▶ [Material provided]
(* The set $X^{\mathcal B}=\{x^{\mathbf b}:\mathbf b\in\mathcal B\}$ is a basis of the $\mathbb C$-vector space $\mathcal W_0$.
   Context: Let $A=\{\mathbf a_1,\dots,\mathbf a_m\}\subseteq\mathbb Z^n$ be linearly independent over $\mathbb R$ and $\ell_1,\dots,\ell_m$ positive integers (part of a relation $\ell_0\mathbf a_0=\sum_j\ell_j\mathbf a_j$, $\ell_0=\sum_j\ell_j$, $\mathbf a_0\in\mathbb Z^n$, $\gcd(\ell_0,\dots,\ell_m)=1$). Let $f_0=\sum_{j=1}^m\ell_jx^{\mathbf a_j}$. Let $V$ be the real span of $A$, $V_{\mathbb Z}=V\cap\mathbb Z^n$, $C(A)$ the real cone generated by $A$, $M=V_{\mathbb Z}\cap C(A)$. Let $S_0$ be the $\mathbb C$-span of $\{x^u:u\in M\}$, $D_{i,0}=x_i\partial/\partial x_i+x_i\partial f_0/\partial x_i$ ($i=1,\dots,n$), and $\mathcal W_0=S_0/\sum_iD_{i,0}S_0$. Let $P(A)=\{\sum_jc_j\mathbf a_j:0\le c_j<1\}$ and $\mathcal B=V_{\mathbb Z}\cap P(A)$. *)

theory Defs
  imports "HOL-Analysis.Analysis"
begin

text \<open>Exponent vectors live in int^'n (n = CARD('n)); the vectors a_1..a_m are
  given by a :: nat => int^'n on the index set {1..m}. Laurent polynomials are
  finitely supported coefficient functions int^'n => complex.\<close>

definition realvec :: "int^'n \<Rightarrow> real^'n" where
  "realvec u = (\<chi> i. real_of_int (u $ i))"

definition lin_indep_family :: "nat \<Rightarrow> (nat \<Rightarrow> int^'n) \<Rightarrow> bool" where
  "lin_indep_family m a \<longleftrightarrow>
     (\<forall>c::nat \<Rightarrow> real. (\<Sum>j=1..m. c j *\<^sub>R realvec (a j)) = 0 \<longrightarrow> (\<forall>j\<in>{1..m}. c j = 0))"

definition VZ :: "nat \<Rightarrow> (nat \<Rightarrow> int^'n) \<Rightarrow> (int^'n) set" where
  "VZ m a = {u. realvec u \<in> span (realvec ` a ` {1..m})}"

definition coneA :: "nat \<Rightarrow> (nat \<Rightarrow> int^'n) \<Rightarrow> (real^'n) set" where
  "coneA m a = {v. \<exists>c::nat \<Rightarrow> real. (\<forall>j\<in>{1..m}. 0 \<le> c j) \<and> v = (\<Sum>j=1..m. c j *\<^sub>R realvec (a j))}"

definition parA :: "nat \<Rightarrow> (nat \<Rightarrow> int^'n) \<Rightarrow> (real^'n) set" where
  "parA m a = {v. \<exists>c::nat \<Rightarrow> real. (\<forall>j\<in>{1..m}. 0 \<le> c j \<and> c j < 1) \<and> v = (\<Sum>j=1..m. c j *\<^sub>R realvec (a j))}"

definition monoidM :: "nat \<Rightarrow> (nat \<Rightarrow> int^'n) \<Rightarrow> (int^'n) set" where
  "monoidM m a = {u \<in> VZ m a. realvec u \<in> coneA m a}"

definition setB :: "nat \<Rightarrow> (nat \<Rightarrow> int^'n) \<Rightarrow> (int^'n) set" where
  "setB m a = {u \<in> VZ m a. realvec u \<in> parA m a}"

▶ [What is needed] Using the entries above, restate word for word every line from the one that contains "finitely supported coefficient" through the last.

▶ [Exercise output]
  finitely supported coefficient functions int^'n => complex.\<close>

definition realvec :: "int^'n \<Rightarrow> real^'n" where
  "realvec u = (\<chi> i. real_of_int (u $ i))"

definition lin_indep_family :: "nat \<Rightarrow> (nat \<Rightarrow> int^'n) \<Rightarrow> bool" where
  "lin_indep_family m a \<longleftrightarrow>
     (\<forall>c::nat \<Rightarrow> real. (\<Sum>j=1..m. c j *\<^sub>R realvec (a j)) = 0 \<longrightarrow> (\<forall>j\<in>{1..m}. c j = 0))"

definition VZ :: "nat \<Rightarrow> (nat \<Rightarrow> int^'n) \<Rightarrow> (int^'n) set" where
  "VZ m a = {u. realvec u \<in> span (realvec ` a ` {1..m})}"

definition coneA :: "nat \<Rightarrow> (nat \<Rightarrow> int^'n) \<Rightarrow> (real^'n) set" where
  "coneA m a = {v. \<exists>c::nat \<Rightarrow> real. (\<forall>j\<in>{1..m}. 0 \<le> c j) \<and> v = (\<Sum>j=1..m. c j *\<^sub>R realvec (a j))}"

definition parA :: "nat \<Rightarrow> (nat \<Rightarrow> int^'n) \<Rightarrow> (real^'n) set" where
  "parA m a = {v. \<exists>c::nat \<Rightarrow> real. (\<forall>j\<in>{1..m}. 0 \<le> c j \<and> c j < 1) \<and> v = (\<Sum>j=1..m. c j *\<^sub>R realvec (a j))}"

definition monoidM :: "nat \<Rightarrow> (nat \<Rightarrow> int^'n) \<Rightarrow> (int^'n) set" where
  "monoidM m a = {u \<in> VZ m a. realvec u \<in> coneA m a}"

definition setB :: "nat \<Rightarrow> (nat \<Rightarrow> int^'n) \<Rightarrow> (int^'n) set" where
  "setB m a = {u \<in> VZ m a. realvec u \<in> parA m a}"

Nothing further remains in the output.